If you’ve ever wondered what it would look like to watch a dozen bleeding tough guys (and one steely woman) crawl around a dusty warehouse floor while shooting guns at each other for the better part of 90 minutes, Free Fire has your answer. Ben Wheatley’s cartoonish ‘70s-era shoot-em-up is a Tarantino knockoff without the nonlinear trickery and only about half the wit, hewing a bit more closely to the cheeky tone of Guy Ritchie’s early barrages of bullets, minus the hyper-stylization. And yet, despite its unimaginative premise, Free Fire sends up action movie tropes with the kind of self-aware humor that hits the sweet spot between parody and homage while never fully indulging in either. It’s gleefully over-the-top enough to pack a wallop, even if its scattershot humor results in far fewer hits the further along we go.

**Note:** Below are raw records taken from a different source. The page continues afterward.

lemma orient_boundary_point_pos:
  fixes x y w :: real
  assumes "0 \<le> x" "x < y" "y < w" "w < m" "\<not> on_common_edge m x y w"
  shows "0 < orient (B x) (B y) (B w)"
proof -
  have "\<lfloor>x\<rfloor> \<le> \<lfloor>y\<rfloor>" "\<lfloor>y\<rfloor> \<le> \<lfloor>w\<rfloor>" using assms by (simp_all add: floor_mono)
  moreover have "\<not> (\<lfloor>x\<rfloor> = \<lfloor>y\<rfloor> \<and> \<lfloor>y\<rfloor> = \<lfloor>w\<rfloor>)"
  proof
    assume same: "\<lfloor>x\<rfloor> = \<lfloor>y\<rfloor> \<and> \<lfloor>y\<rfloor> = \<lfloor>w\<rfloor>"
    then have "real_of_int \<lfloor>w\<rfloor> = \<lfloor>x\<rfloor>" by simp
    then have "on_common_edge m x y w"
      using assms(2,3) of_int_floor_le[of x] real_of_int_floor_add_one_ge[of w]
      unfolding on_common_edge_def by (intro disjI1 exI[of _ "\<lfloor>x\<rfloor>"]) linarith
    then show False using assms(5) by simp
  qed
  ultimately consider "\<lfloor>x\<rfloor> < \<lfloor>y\<rfloor>" "\<lfloor>y\<rfloor> < \<lfloor>w\<rfloor>" | "\<lfloor>x\<rfloor> = \<lfloor>y\<rfloor>" "\<lfloor>y\<rfloor> < \<lfloor>w\<rfloor>"
    | "\<lfloor>x\<rfloor> < \<lfloor>y\<rfloor>" "\<lfloor>y\<rfloor> = \<lfloor>w\<rfloor>"
    by linarith
  then show ?thesis
    by cases (use assms orient_boundary_pos_distinct_edges orient_boundary_pos_first_edge
        orient_boundary_pos_last_edge in auto)
qed

lemma boundary_diagonals_intersect:
  fixes s1 s2 s3 s4 :: real
  assumes "0 \<le> s1" "s1 < s2" "s2 < s3" "s3 < s4" "s4 < m"
    and "\<not> on_common_edge m s1 s2 s3" "\<not> on_common_edge m s1 s2 s4"
    and "\<not> on_common_edge m s1 s3 s4" "\<not> on_common_edge m s2 s3 s4"
  shows "closed_segment (B s1) (B s3) \<inter> closed_segment (B s2) (B s4) \<noteq> {}"
  using assms by (intro diagonals_intersect orient_boundary_point_pos) auto


lemma interleaved_vertex_exit_chords_intersect:
  assumes p1: "vertex_exit_pair m i P" and p2: "vertex_exit_pair m k Q"
    and order: "min i P < min k Q" "min k Q < max i P" "max i P < max k Q"
  shows "closed_segment (B i) (B P) \<inter> closed_segment (B k) (B Q) \<noteq> {}"
proof -
  have seg: "closed_segment (B x) (B y) = closed_segment (B (min x y)) (B (max x y))" for x y
    by (cases "x \<le> y") (auto simp: min_def max_def closed_segment_commute)
  have pairs: "{i, P} = {min i P, max i P}" "{k, Q} = {min k Q, max k Q}"
    by (auto simp: min_def max_def)
  have range: "0 \<le> min i P" "max k Q < m"
    using vertex_exit_pair_range[OF p1] vertex_exit_pair_range[OF p2] by auto
  note no_edge1 = vertex_exit_pair_not_on_common_edge[OF p1 three_le_m]
  note no_edge2 = vertex_exit_pair_not_on_common_edge[OF p2 three_le_m]
  have "\<not> on_common_edge m (min i P) (min k Q) (max i P)"
    using range order by (intro no_edge1) (auto simp: pairs)
  moreover have "\<not> on_common_edge m (min i P) (min k Q) (max k Q)"
    using range order by (intro no_edge2) (auto simp: pairs)
  moreover have "\<not> on_common_edge m (min i P) (max i P) (max k Q)"
    using range order by (intro no_edge1) (auto simp: pairs)
  moreover have "\<not> on_common_edge m (min k Q) (max i P) (max k Q)"
    using range order by (intro no_edge2) (auto simp: pairs)
  ultimately show ?thesis
    unfolding seg[of i] seg[of k] using range order
    by (intro boundary_diagonals_intersect) auto
qed

lemma vertex_exit_chords_intersect:
  assumes p1: "vertex_exit_pair m i P" and p2: "vertex_exit_pair m k Q"
    and "i \<noteq> k" "P \<noteq> Q" and cross: "strictly_between i P k \<noteq> strictly_between i P Q"
  shows "closed_segment (B i) (B P) \<inter> closed_segment (B k) (B Q) \<noteq> {}"
proof -
  have "i \<noteq> P" "k \<noteq> Q" "i \<noteq> Q" "k \<noteq> P"
    using vertex_exit_pair_range(5) vertex_exit_pair_vertex_ne_exit p1 p2 by blast+
  then consider "min i P < min k Q" "min k Q < max i P" "max i P < max k Q"
    | "min k Q < min i P" "min i P < max k Q" "max k Q < max i P"
    using cross \<open>i \<noteq> k\<close> \<open>P \<noteq> Q\<close> unfolding strictly_between_def min_def max_def by (smt (verit))
  then show ?thesis
  proof cases
    case 2
    then show ?thesis using interleaved_vertex_exit_chords_intersect[OF p2 p1] by blast
  qed (rule interleaved_vertex_exit_chords_intersect[OF p1 p2])
qed

end

section \<open>From arrows to chords\<close>

lemma on_incident_edge_vertex_exit:
  assumes k: "k < m" and j: "j < m" and l: "0 < l" "l < 1"
    and incident: "on_incident_edge (real ` {..<m}) (real k) (real j + l)"
  shows "k = j \<or> k = Suc j mod m"
proof (rule ccontr)
  assume ne: "\<not> (k = j \<or> k = Suc j mod m)"
  have inside: "\<exists>s\<in>real ` {..<m}. s \<noteq> real k \<and> strictly_between (real k) (real j + l) s"
  proof (cases "k < j")
    case True
    then show ?thesis using j l by (intro bexI[of _ "real j"]) (auto simp: strictly_between_def)
  next
    case False
    then have "Suc j < k" using ne k by (auto simp: mod_if split: if_splits)
    then show ?thesis using l k by (intro bexI[of _ "real (Suc j)"] imageI) (auto simp: strictly_between_def)
  qed
  have outside: "\<exists>s\<in>real ` {..<m}. s \<noteq> real k \<and> \<not> strictly_between (real k) (real j + l) s"
  proof (cases "k < j")
    case True
    show ?thesis
    proof (cases "Suc j < m")
      case True
      then show ?thesis
        using \<open>k < j\<close> l by (intro bexI[of _ "real (Suc j)"] imageI) (auto simp: strictly_between_def)
    next
      case False
      then have "Suc j = m" using j by simp
      then have "k \<noteq> 0" using ne by auto
      then show ?thesis using l k by (intro bexI[of _ 0]) (auto simp: strictly_between_def)
    qed
  next
    case False
    then have "j < k" using ne by auto
    then show ?thesis using j l by (intro bexI[of _ "real j"]) (auto simp: strictly_between_def)
  qed
  show False using incident inside outside by (auto simp: on_incident_edge_def)
qed
lemma exists_max_excess_position:
  assumes "i0 < n" "j0 < n" "corner_sum B i0 j0 < corner_sum A i0 j0"
  obtains i j where "max_excess_position n A B i j"
proof -
  define S where "S = {(p, q). p < n \<and> q < n \<and> corner_sum B p q < corner_sum A p q}"
  have "finite S"
    unfolding S_def by (rule finite_subset[of _ "{..<n} \<times> {..<n}"]) auto
  moreover have "S \<noteq> {}"
    using assms unfolding S_def by auto
  ultimately obtain i j where "(i, j) \<in> S"
    and ij_max: "Max (case_prod (excess_rank A B) ` S) = excess_rank A B i j"
    by (metis (mono_tags, lifting) obtains_MAX case_prod_conv surj_pair)
  have "excess_rank A B p q \<le> excess_rank A B i j"
    if "p < n" "q < n" "corner_sum B p q < corner_sum A p q" for p q
  proof -
    have "excess_rank A B p q \<le> Max (case_prod (excess_rank A B) ` S)"
      using \<open>finite S\<close> that by (intro Max_ge) (auto simp: S_def intro: rev_image_eqI)
    then show ?thesis
      unfolding ij_max .
  qed
  with \<open>(i, j) \<in> S\<close> have "max_excess_position n A B i j"
    unfolding max_excess_position_def S_def by auto
  then show ?thesis
    by (rule that)
qed

lemma max_excess_position_no_better:
  assumes "max_excess_position n A B i j" and "p < n" "q < n"
    and "corner_sum A i j - corner_sum B i j \<le> corner_sum A p q - corner_sum B p q"
    and "corner_sum A i j < corner_sum A p q \<or> corner_sum A i j = corner_sum A p q \<and> p + q < i + j"
  shows False
proof -
  have "excess_rank A B p q \<le> excess_rank A B i j"
    using assms unfolding max_excess_position_def by auto
  then show False
    using assms(4,5) unfolding excess_rank_def by auto
qed

lemma max_excess_position_Suc_less:
  assumes A: "is_ASM n A" and B: "is_ASM n B" and ij: "max_excess_position n A B i j"
  shows "Suc i < n" "Suc j < n"
proof -
  have "i < n" "j < n" "corner_sum B i j < corner_sum A i j"
    using ij unfolding max_excess_position_def by auto
  then show "Suc i < n" "Suc j < n"
    using is_ASM_corner_sum_last_row[OF A, of j] is_ASM_corner_sum_last_row[OF B, of j]
      is_ASM_corner_sum_last_col[OF A, of i] is_ASM_corner_sum_last_col[OF B, of i]
    by (metis Suc_lessI diff_Suc_1 less_irrefl)+
qed

lemma max_excess_position_row_prefix_sums:
  assumes A: "is_ASM n A" and B: "is_ASM n B" and ij: "max_excess_position n A B i j"
  shows "row_prefix_sum A i j = 1" "row_prefix_sum A (Suc i) j = 0"
proof -
  have i: "i < n" and j: "j < n" and excess: "corner_sum B i j < corner_sum A i j"
    using ij unfolding max_excess_position_def by auto
  have rows: "row_prefix_sum A p q \<in> {0, 1}" "row_prefix_sum B p q \<in> {0, 1}"
    if "p < n" "q < n" for p q
    using is_ASM_row_prefix_sum[OF A that] is_ASM_row_prefix_sum[OF B that] by auto
  show "row_prefix_sum A i j = 1"
  proof (cases i)
    case 0
    then show ?thesis
      using rows[OF i j] excess by (auto simp: corner_sum_0_row)
  next
    case (Suc i')
    then show ?thesis
      using rows[OF i j] excess max_excess_position_no_better[OF ij, of i' j] i j
      by (auto simp: corner_sum_Suc_row)
  qed
  have "Suc i < n"
    using max_excess_position_Suc_less[OF A B ij] by simp
  then show "row_prefix_sum A (Suc i) j = 0"
    using rows[of "Suc i" j] max_excess_position_no_better[OF ij, of "Suc i" j] j
    by (auto simp: corner_sum_Suc_row)
qed

lemma max_excess_position_col_prefix_sums:
  assumes A: "is_ASM n A" and B: "is_ASM n B" and ij: "max_excess_position n A B i j"
  shows "col_prefix_sum A i j = 1" "col_prefix_sum A i (Suc j) = 0"
proof -
  have i: "i < n" and j: "j < n" and excess: "corner_sum B i j < corner_sum A i j"
    using ij unfolding max_excess_position_def by auto
  have cols: "col_prefix_sum A p q \<in> {0, 1}" "col_prefix_sum B p q \<in> {0, 1}"
    if "p < n" "q < n" for p q
    using is_ASM_col_prefix_sum[OF A that] is_ASM_col_prefix_sum[OF B that] by auto
  show "col_prefix_sum A i j = 1"
  proof (cases j)
    case 0
    then show ?thesis
      using cols[OF i j] excess by (auto simp: corner_sum_0_col)
  next
    case (Suc j')
    then show ?thesis
      using cols[OF i j] excess max_excess_position_no_better[OF ij, of i j'] i j
      by (auto simp: corner_sum_Suc_col)
  qed
  have "Suc j < n"
    using max_excess_position_Suc_less[OF A B ij] by simp
  then show "col_prefix_sum A i (Suc j) = 0"
    using cols[of i "Suc j"] max_excess_position_no_better[OF ij, of i "Suc j"] i
    by (auto simp: corner_sum_Suc_col)
qed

The plot actually does boil down to little more than a bunch of people shooting at each other, but for those who demand specifics, it’s worth noting that Free Fire’s premise hinges on a black-market arms deal gone horribly wrong. IRA members Chris (Cillian Murphy) and Frank (Michael Smiley) have arranged to purchase a few dozen assault rifles from a pair of gun-peddlers, the weaselly Vernon (Sharlto Copley) and his ex-Black Panther partner Martin (Babou Ceesay). Mediating the deal on behalf of the IRA is the level-headed Justine (Brie Larson), and acting as middleman for the arms dealers is the cool beard-oil-aficionado Ord (Armie Hammer). Vernon imperils the deal by bringing the wrong kind of rifle, but after some smooth talk from Ord and Justine, everything appears to be moving toward resolution. Then a fracas breaks out due to some bad blood between two of the opposing sides’ underlings, with one (Jack Reynor) ultimately firing a shot and unleashing the mayhem.

As everybody scatters and starts firing, steadily sustaining a ludicrous number of shoulder and leg wounds before anyone actually gets killed, factions form and dissolve and clever zingers fly as frequently as the bullets. Ord periodically roasts a joint, and the IRA’s stooge ultimately responsible for the whole upset (Sam Riley) manages to do some smack. Schemes are hatched and foiled, and options fall by the wayside as more blood is spilled and the incapacitating wounds pile up. It’s clear that very few of these characters will be making it out of the warehouse alive, but that reality remains lighthearted throughout—it’s rare to find a film that derives so many laughs out of gunshot wounds.

As the body count finally starts rising, the film’s energy flags. After all, it’s the wisecracks that drive Free Fire, not the fates that each character will ultimately meet. Copley and Hammer are the most entertaining, with the latter’s sonorous voice and impossibly chill aura acting as a foil to the former’s peculiar cadence and uptight demeanor. Murphy basically just brings his Tommy Shelby gang leader from “Peaky Blinders” into the 1970s, making time to flirt with Larson’s Justine, who even as the token female feels underused. With its snappy dialogue, flippant humor and the indulgent fun of its unceasing gunfights, Fire Free may only slightly rise above the b-movie action it emulates, but there’s a certain pleasure in watching an unapologetically zany shoot-em-up flick that can, in its best moments, make Tarantino appear restrained in comparison.